• [Required work]
Gather every line of the entries that includes the word "acoef".

*** Records shown ***

(* Let $0<A<1$, $\lambda_0=A-1$, $L>0$, $\sigma=2\pi/L$ and $c_0\ge2\sqrt{-\lambda_0}$. If $\mu_{max}>0$ is small enough, there exists $\kappa>0$ such that for all $(n,j)\in\mathbb{Z}\times\mathbb{N}$ and $0\le\mu<\mu_{max}$, $$|\operatorname{Re}a^\pm_{n,j,\mu}|\ge2\kappa,\quad |\operatorname{Re}b^-_{n,j,\mu}|\ge2\kappa,\quad\text{and}\quad |\operatorname{Re}b^+_{n,j,\mu}|\ge2\kappa\ \text{ whenever }\operatorname{Re}b^+_{n,j,\mu}<0.$$ Also, there exist $C_\kappa,\overline N,\overline J\ge0$ such that if $|n|\ge\overline N$ or $j\ge\overline J$, then for all $0\le\mu<\mu_{max}$, $$0<\frac{1}{|\operatorname{Re}a^\pm_{n,j,\mu}|-\kappa},\ \frac{1}{|\operatorname{Re}b^\pm_{n,j,\mu}|-\kappa}\le\frac{C_\kappa}{\sqrt{1+\mu n^2+j+|n|}}.$$
   Context: $\lambda_j=-1+(2j+1)A$. With $\delta_{0j}$ the Kronecker symbol, $a^\pm_{n,j,\mu}=\frac12\Big(-2in\sigma-c_0\pm\sqrt{4\mu n^2\sigma^2+c_0^2+4in\sigma c_0+4[(1-\delta_{0j})\lambda_j-\lambda_0]}\Big)$ and $b^\pm_{n,j,\mu}=\frac12\Big(-2in\sigma-c_0\pm\sqrt{4\mu n^2\sigma^2+c_0^2+4in\sigma c_0+4\lambda_j}\Big)$, where for $z=re^{i\vartheta}$ with $r\ge0$, $\vartheta\in(-\pi,\pi]$, $\sqrt z:=\sqrt r e^{i\vartheta/2}$. *)

theory Defs
  imports "HOL-Analysis.Analysis"
begin

definition psqrt :: "complex \<Rightarrow> complex" where
  "psqrt z = complex_of_real (sqrt (cmod z)) * exp (\<i> * complex_of_real (Arg z / 2))"

definition lam :: "real \<Rightarrow> nat \<Rightarrow> real" where
  "lam A j = -1 + (2 * real j + 1) * A"

definition kdelta :: "nat \<Rightarrow> real" where
  "kdelta j = (if j = 0 then 1 else 0)"

text \<open>sigma = 2 pi / L. The sign s \<in> {1,-1} selects the superscript +/-.\<close>
definition acoef :: "real \<Rightarrow> real \<Rightarrow> real \<Rightarrow> real \<Rightarrow> int \<Rightarrow> nat \<Rightarrow> real \<Rightarrow> complex" where
  "acoef A L c0 s n j \<mu> = (let \<sigma> = 2 * pi / L in
     (1/2) * (- 2 * \<i> * of_int n * \<sigma> - c0 + s * psqrt (4 * \<mu> * of_int n ^ 2 * \<sigma> ^ 2 + c0 ^ 2
        + 4 * \<i> * of_int n * \<sigma> * c0 + 4 * ((1 - kdelta j) * lam A j - lam A 0))))"

definition bcoef :: "real \<Rightarrow> real \<Rightarrow> real \<Rightarrow> real \<Rightarrow> int \<Rightarrow> nat \<Rightarrow> real \<Rightarrow> complex" where
  "bcoef A L c0 s n j \<mu> = (let \<sigma> = 2 * pi / L in
     (1/2) * (- 2 * \<i> * of_int n * \<sigma> - c0 + s * psqrt (4 * \<mu> * of_int n ^ 2 * \<sigma> ^ 2 + c0 ^ 2
        + 4 * \<i> * of_int n * \<sigma> * c0 + 4 * lam A j)))"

***

• [Solution]
definition acoef :: "real \<Rightarrow> real \<Rightarrow> real \<Rightarrow> real \<Rightarrow> int \<Rightarrow> nat \<Rightarrow> real \<Rightarrow> complex" where
  "acoef A L c0 s n j \<mu> = (let \<sigma> = 2 * pi / L in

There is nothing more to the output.